LSI vs GSI in DynamoDB: Choosing the Right Secondary Index

LSI vs GSI in DynamoDB: Choosing the Right Secondary Index#

DynamoDB’s query flexibility hinges on secondary indexes, but choosing between Local Secondary Indexes (LSI) and Global Secondary Indexes (GSI) confuses many developers. The decision isn’t academic—it shapes your table’s scalability, cost, consistency guarantees, and operational complexity. Get it wrong, and you’ll either hit hard limits mid-project or overspend on unnecessary provisioned capacity. This article cuts through the confusion by examining the fundamental architectural differences, practical constraints, and decision criteria that determine which index type serves your use case.

Why Secondary Indexes Matter#

By default, DynamoDB queries run against your table’s primary key: the partition key (required) and optional sort key. This works beautifully for your main access pattern, but real applications rarely need just one way to access data. You might query orders by customer ID, by order date, by status—but your primary key is structured for something else entirely.

Secondary indexes solve this problem by allowing you to query alternative attributes without scanning the entire table. However, DynamoDB offers two fundamentally different approaches, each with distinct tradeoffs. Understanding these tradeoffs is essential for building resilient, cost-effective applications.

Understanding the Partition Model: Where LSI and GSI Diverge#

The most consequential difference between LSI and GSI lies in how they partition data. This single architectural decision cascades into nearly every other property you’ll need to consider.

An LSI shares the same partition key as the base table. When you create an LSI, you’re telling DynamoDB: “Store an alternate view of these items, sorted by a different attribute, but keep them in the same partition.” This shared partition architecture means an LSI has a hard storage limit of 10 GB per partition key value. If a customer has 15 GB of order history and you want to index those orders by status, you cannot use an LSI because the combined size of all items with that partition key value would exceed the limit.

A GSI, by contrast, has its own partition key—completely independent of the base table. It maintains separate physical partitions, separate throughput capacity, and a separate distributed hash structure. When DynamoDB replicates data to a GSI, it’s building an entirely separate table under the hood, just with a different partition key structure.

This architectural difference explains why LSIs must be created at table creation time—their partitions are bound to the base table’s partition scheme—while GSIs can be added or removed after the fact. Adding a GSI is essentially creating a new table and populating it from the base table’s data stream.

The 10 GB Limit: When LSI Becomes a Constraint#

The 10 GB per partition key value limit on LSIs is not theoretical; it’s a hard ceiling that catches many developers off-guard. To understand its impact, consider a real scenario: you’re building a SaaS platform where customers have varying data volumes. Enterprise customers might accumulate 8 GB of historical data under their partition key. If you’ve indexed this data with an LSI to support a critical query pattern, you’ve used 80 percent of your limit. A few months later, that customer’s usage doubles, and your LSI is full.

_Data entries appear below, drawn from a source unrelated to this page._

definition CR :: "'a set \<Rightarrow> ('a \<Rightarrow> 'a) \<Rightarrow> 'a::metric_space set" where
  "CR X f = {x \<in> X. \<forall>\<delta>>0. \<exists>xs k. delta_chain X f \<delta> xs k \<and> xs 0 = x \<and> xs k = x}"

definition CR_rel :: "'a set \<Rightarrow> ('a \<Rightarrow> 'a) \<Rightarrow> 'a::metric_space \<Rightarrow> 'a \<Rightarrow> bool" where
  "CR_rel X f x y \<longleftrightarrow> x \<in> CR X f \<and> y \<in> CR X f \<and>
     (\<forall>\<delta>>0. \<exists>m::nat. m > 0 \<and> (\<exists>N::nat. N > 0 \<and> (\<forall>n\<ge>N.
        \<exists>xs ys. delta_chain X f \<delta> xs (m*n) \<and> delta_chain X f \<delta> ys (m*n) \<and>
          (\<forall>i\<le>m*n. xs i \<in> CR X f \<and> ys i \<in> CR X f) \<and>
          xs 0 = x \<and> ys (m*n) = x \<and> xs (m*n) = y \<and> ys 0 = y)))"

definition omega_limit :: "('b \<Rightarrow> 'b) \<Rightarrow> 'b::topological_space \<Rightarrow> 'b set" where
  "omega_limit g p = {q. \<exists>r. strict_mono r \<and> ((\<lambda>j. (g ^^ r j) p) \<longlongrightarrow> q) sequentially}"

end

theory Submission
  imports Defs
begin
lemma graph_dist_le_coarse_radius:
  assumes "x \<in> carrier G" "y \<in> carrier G" "hyp_delta (f x) (f y) \<le> d"
  shows "graph_dist (carrier G) (cayley_edge G S) x y \<le> enat (coarse_radius d)"
proof -
  have "hyp_dist (f x) (f y) \<le> arcosh (1 + d)"
    using hyp_dist_le_arcosh Im_f_pos assms by blast
  then have "word_dist G S x y / K \<le> arcosh (1 + d) + C" using lower_bound[OF assms(1,2)] by simp
  then have "word_dist G S x y \<le> K * (arcosh (1 + d) + C)"
    using K_ge_1 by (simp add: divide_le_eq mult.commute)
  then show ?thesis
    unfolding coarse_radius_def by (rule graph_dist_le_ceiling_word_dist[OF assms(1,2)])
qed

lemma preimage_subset_reachable_within:
  assumes "\<And>z w. z \<in> A \<Longrightarrow> w \<in> A \<Longrightarrow> hyp_delta z w \<le> d" "x \<in> carrier G" "f x \<in> A"
  shows "{y \<in> carrier G. f y \<in> A} \<subseteq> reachable_within (cayley_edge G S) x (coarse_radius d)"
proof
  fix y assume "y \<in> {y \<in> carrier G. f y \<in> A}"
  then have "graph_dist (carrier G) (cayley_edge G S) x y \<le> enat (coarse_radius d)"
    using graph_dist_le_coarse_radius assms by blast
  then show "y \<in> reachable_within (cayley_edge G S) x (coarse_radius d)"
    by (rule graph_dist_le_imp_reachable_within)
qed

lemma finite_card_preimage_le:
  assumes "\<And>z w. z \<in> A \<Longrightarrow> w \<in> A \<Longrightarrow> hyp_delta z w \<le> d"
  shows "finite {y \<in> carrier G. f y \<in> A}"
    and "card {y \<in> carrier G. f y \<in> A} \<le> (card S + 1) ^ coarse_radius d"
proof -
  let ?P = "{y \<in> carrier G. f y \<in> A}"
  have "finite ?P \<and> card ?P \<le> (card S + 1) ^ coarse_radius d"
  proof (cases "?P = {}")
    case True
    then show ?thesis by (metis card.empty finite.emptyI zero_le)
  next
    case False
    then obtain x where "x \<in> carrier G" "f x \<in> A" by blast
    from preimage_subset_reachable_within[OF assms this] show ?thesis
      using finite_reachable_within_cayley card_reachable_within_cayley_le
      by (meson card_mono finite_subset order_trans)
  qed
  then show "finite ?P" "card ?P \<le> (card S + 1) ^ coarse_radius d" by auto
qed

definition base :: real where
  "base = rho\<^sup>2 + 1"

definition columns :: nat where
  "columns = nat (2 * \<lceil>rho * base\<rceil> + 3)"

definition box_card :: nat where
  "box_card = (card S + 1) ^ coarse_radius (base\<^sup>2 * (1 + base\<^sup>2) / 2)"

definition wall :: "nat \<Rightarrow> 'a set" where
  "wall h = {x \<in> carrier G. f x \<in> cone_segment base rho h}"

lemma base_gt_rho_sq: "base > rho\<^sup>2"
  unfolding base_def by simp

lemma base_gt_1: "base > 1"
  unfolding base_def using rho_ge_2 by simp

lemma wall_subset_boxes:
  "wall h \<subseteq> (\<Union>(j, s) \<in> {..h} \<times> {- \<lceil>rho * base\<rceil> - 1 .. \<lceil>rho * base\<rceil> + 1}.
                 {x \<in> carrier G. f x \<in> half_plane_box base j s})"
  using cone_segment_covered_by_boxes[of base rho] base_gt_1 rho_ge_2 unfolding wall_def by fastforce

lemma finite_card_wall:
  shows "finite (wall h)" and "card (wall h) \<le> (h + 1) * columns * box_card"
proof -
  let ?I = "{..h} \<times> {- \<lceil>rho * base\<rceil> - 1 .. \<lceil>rho * base\<rceil> + 1}"
  let ?B = "\<lambda>(j, s). {x \<in> carrier G. f x \<in> half_plane_box base j s}"
  have box: "finite (?B js) \<and> card (?B js) \<le> box_card" for js
  proof (cases js)
    case (Pair j s)
    have "hyp_delta z w \<le> base\<^sup>2 * (1 + base\<^sup>2) / 2"
      if "z \<in> half_plane_box base j s" "w \<in> half_plane_box base j s" for z w
      using hyp_delta_le_in_half_plane_box base_gt_1 that by simp
    from finite_card_preimage_le[OF this] show ?thesis unfolding Pair box_card_def by simp
  qed
  have "card ?I = (h + 1) * columns"
    unfolding columns_def by (simp add: card_cartesian_product ac_simps)
  have "card (\<Union>(?B ` ?I)) \<le> (\<Sum>js\<in>?I. card (?B js))" by (rule card_UN_le) simp
  also have "\<dots> \<le> card ?I * box_card" using sum_mono[of ?I "\<lambda>js. card (?B js)" "\<lambda>_. box_card"] box by simp
  finally have "card (\<Union>(?B ` ?I)) \<le> (h + 1) * columns * box_card"
    using \<open>card ?I = (h + 1) * columns\<close> by simp
  moreover have "finite (\<Union>(?B ` ?I))" using box by simp
  ultimately show "finite (wall h)" "card (wall h) \<le> (h + 1) * columns * box_card"
    using wall_subset_boxes[of h] card_mono[of "\<Union>(?B ` ?I)" "wall h"]
    by (auto intro: finite_subset)
qed

definition anchor :: "complex \<Rightarrow> 'a" where
  "anchor z = (SOME x. x \<in> carrier G \<and> hyp_dist (f x) z \<le> C)"

lemma
  assumes "Im z > 0"
  shows anchor_in_carrier: "anchor z \<in> carrier G"
    and hyp_delta_anchor_le: "hyp_delta (f (anchor z)) z \<le> near_delta"
proof -
  have "\<exists>x. x \<in> carrier G \<and> hyp_dist (f x) z \<le> C"
    using coarsely_onto[of z] assms unfolding upper_half_plane_def by auto
  then have x: "anchor z \<in> carrier G \<and> hyp_dist (f (anchor z)) z \<le> C"
    unfolding anchor_def by (rule someI_ex)
  then show "anchor z \<in> carrier G" by simp
  show "hyp_delta (f (anchor z)) z \<le> near_delta"
    using hyp_delta_le_near_delta[OF Im_f_pos assms] x K_ge_1 by simp
qed

definition spacing :: real where
  "spacing = 2 * rho + 1"

definition sample_point :: "nat \<Rightarrow> int \<Rightarrow> complex" where
  "sample_point j t = Complex (spacing * of_int t * base ^ j) (base ^ j)"

definition sample_vertex :: "nat \<times> int \<Rightarrow> 'a" where
  "sample_vertex = (\<lambda>(j, t). anchor (sample_point j t))"

lemma sample_vertex_in_carrier: "sample_vertex jt \<in> carrier G"
  using anchor_in_carrier base_gt_1 unfolding sample_vertex_def sample_point_def by (simp split: prod.split)

lemma sample_vertex_near:
  fixes j :: nat and t :: int
  defines "w \<equiv> f (sample_vertex (j, t))"
  shows "Im w > 0" "Im w \<le> rho * base ^ j" "base ^ j \<le> rho * Im w"
    and "\<bar>Re w - spacing * of_int t * base ^ j\<bar> \<le> rho * base ^ j"
proof -
  have pt: "Im (sample_point j t) = base ^ j" "Re (sample_point j t) = spacing * of_int t * base ^ j"
    unfolding sample_point_def by simp_all
  then have "Im (sample_point j t) > 0" using base_gt_1 by simp
  note anchor = anchor_in_carrier[OF this] hyp_delta_anchor_le[OF this]
  show w: "Im w > 0" unfolding w_def sample_vertex_def using Im_f_pos anchor(1) by simp
  have d1: "hyp_delta w (sample_point j t) \<le> near_delta"
    using anchor(2) unfolding w_def sample_vertex_def by simp
  then have d2: "hyp_delta (sample_point j t) w \<le> near_delta"
    by (simp add: hyp_delta_commute[of w])
  note near = near_imp_comparable[OF w _ d1] near_imp_comparable[OF _ w d2]
  show "base ^ j \<le> rho * Im w" "Im w \<le> rho * base ^ j"
      "\<bar>Re w - spacing * of_int t * base ^ j\<bar> \<le> rho * base ^ j"
    using near pt base_gt_1 by (simp_all add: abs_minus_commute)
qed

lemma inj_sample_vertex: "inj sample_vertex"
proof (rule injI)
  fix jt jt' assume eq: "sample_vertex jt = sample_vertex jt'"
  obtain j t j' t' where jt: "jt = (j, t)" "jt' = (j', t')" by (cases jt, cases jt')
  let ?w = "f (sample_vertex (j, t))"
  note near = sample_vertex_near[of j t] sample_vertex_near[of j' t', folded eq[unfolded jt]]
  have "base ^ i \<le> rho\<^sup>2 * base ^ i'"
    if "base ^ i \<le> rho * Im ?w" "Im ?w \<le> rho * base ^ i'" for i i'
  proof -
    have "rho * Im ?w \<le> rho * (rho * base ^ i')" using that(2) rho_ge_2 by (intro mult_left_mono) auto
    then show ?thesis using that(1) by (simp add: power2_eq_square mult.assoc)
  qed
  then have "j \<le> j'" "j' \<le> j"
    using near power_le_mult_power_imp_le[OF _ base_gt_rho_sq] base_gt_1 by (meson less_imp_le)+
  then have j: "j' = j" by simp
  let ?u = "spacing * base ^ j"
  have u: "?u > 0" unfolding spacing_def using rho_ge_2 base_gt_1 by simp
  have "\<bar>of_int t - of_int t'\<bar> * ?u = \<bar>of_int t * ?u - of_int t' * ?u\<bar>"
    using abs_mult_pos[of ?u "of_int t - of_int t'"] u by (simp add: left_diff_distrib)
  also have "\<dots> \<le> 2 * rho * base ^ j"
    using near(4) near(8) unfolding j by (simp only: abs_le_iff ac_simps) linarith
  also have "\<dots> < ?u" unfolding spacing_def using base_gt_1 by simp
  finally have "\<bar>of_int t - of_int t'\<bar> * ?u < 1 * ?u" by simp
  then have "\<bar>of_int t - of_int t' :: real\<bar> < 1" using u by (simp only: mult_less_cancel_right_pos)
  then show "jt = jt'" using jt j by simp
qed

With a GSI, this isn’t a concern. Each GSI partition key value can grow independently across the distributed hash ring. There’s no per-partition-key-value limit—only the practical AWS account limits and your provisioned capacity.

This constraint makes LSIs appropriate only for specific scenarios: entities with bounded, predictable data volume per partition key value, such as user profiles where each user accumulates only a few megabytes of metadata, or orders within a time window. Avoid LSIs when you’re modeling hierarchical or open-ended collections.

Provisioning and Capacity: Independent vs Shared#

Another critical architectural difference involves capacity provisioning. An LSI shares read and write capacity with the base table. Every read you perform against an LSI consumes capacity from the same pool as base table reads. This means a traffic spike on an LSI could starve your primary table queries.

A GSI maintains independent provisioned capacity. You specify separate read and write capacity units (or enable auto-scaling separately) for each GSI. This isolation is powerful: you can provision a heavily-used GSI for massive read traffic without affecting your base table’s provisioning, and vice versa. However, this independence comes at a cost—GSI capacity is billed separately, so multiple GSIs multiply your provisioned capacity costs.

For applications with multiple indexes or unpredictable query patterns, GSIs provide better isolation and predictability. For simple applications with a single secondary query pattern and stable, related traffic patterns, sharing capacity via LSI can reduce costs.

Consistency Models: Strong vs Eventual#

DynamoDB guarantees strong consistency on the base table and LSI queries. When you write to an item and immediately query it via the same LSI, you’re guaranteed to see that write. This is because the LSI is co-located with the base table in the same partition—the replication is synchronous.

GSI queries only support eventual consistency. AWS replicates GSI data asynchronously from the base table’s replication stream, typically within milliseconds but not instantly. If you write an order and immediately query a GSI on order status, you might see the old status briefly. For many applications, this is fine; for others, it’s a deal-breaker.

This distinction has profound implications for transactional semantics. If you have a two-step process where you update an item and immediately query a GSI expecting that update to be visible, you need an LSI (or you must implement application-level retry logic with backoff for eventual consistency).

Projection: Storage, Cost, and Query Efficiency#

When you create a secondary index, you must decide which attributes to replicate from the base table into the index. DynamoDB offers three projection strategies, each with different implications for storage cost and query behavior.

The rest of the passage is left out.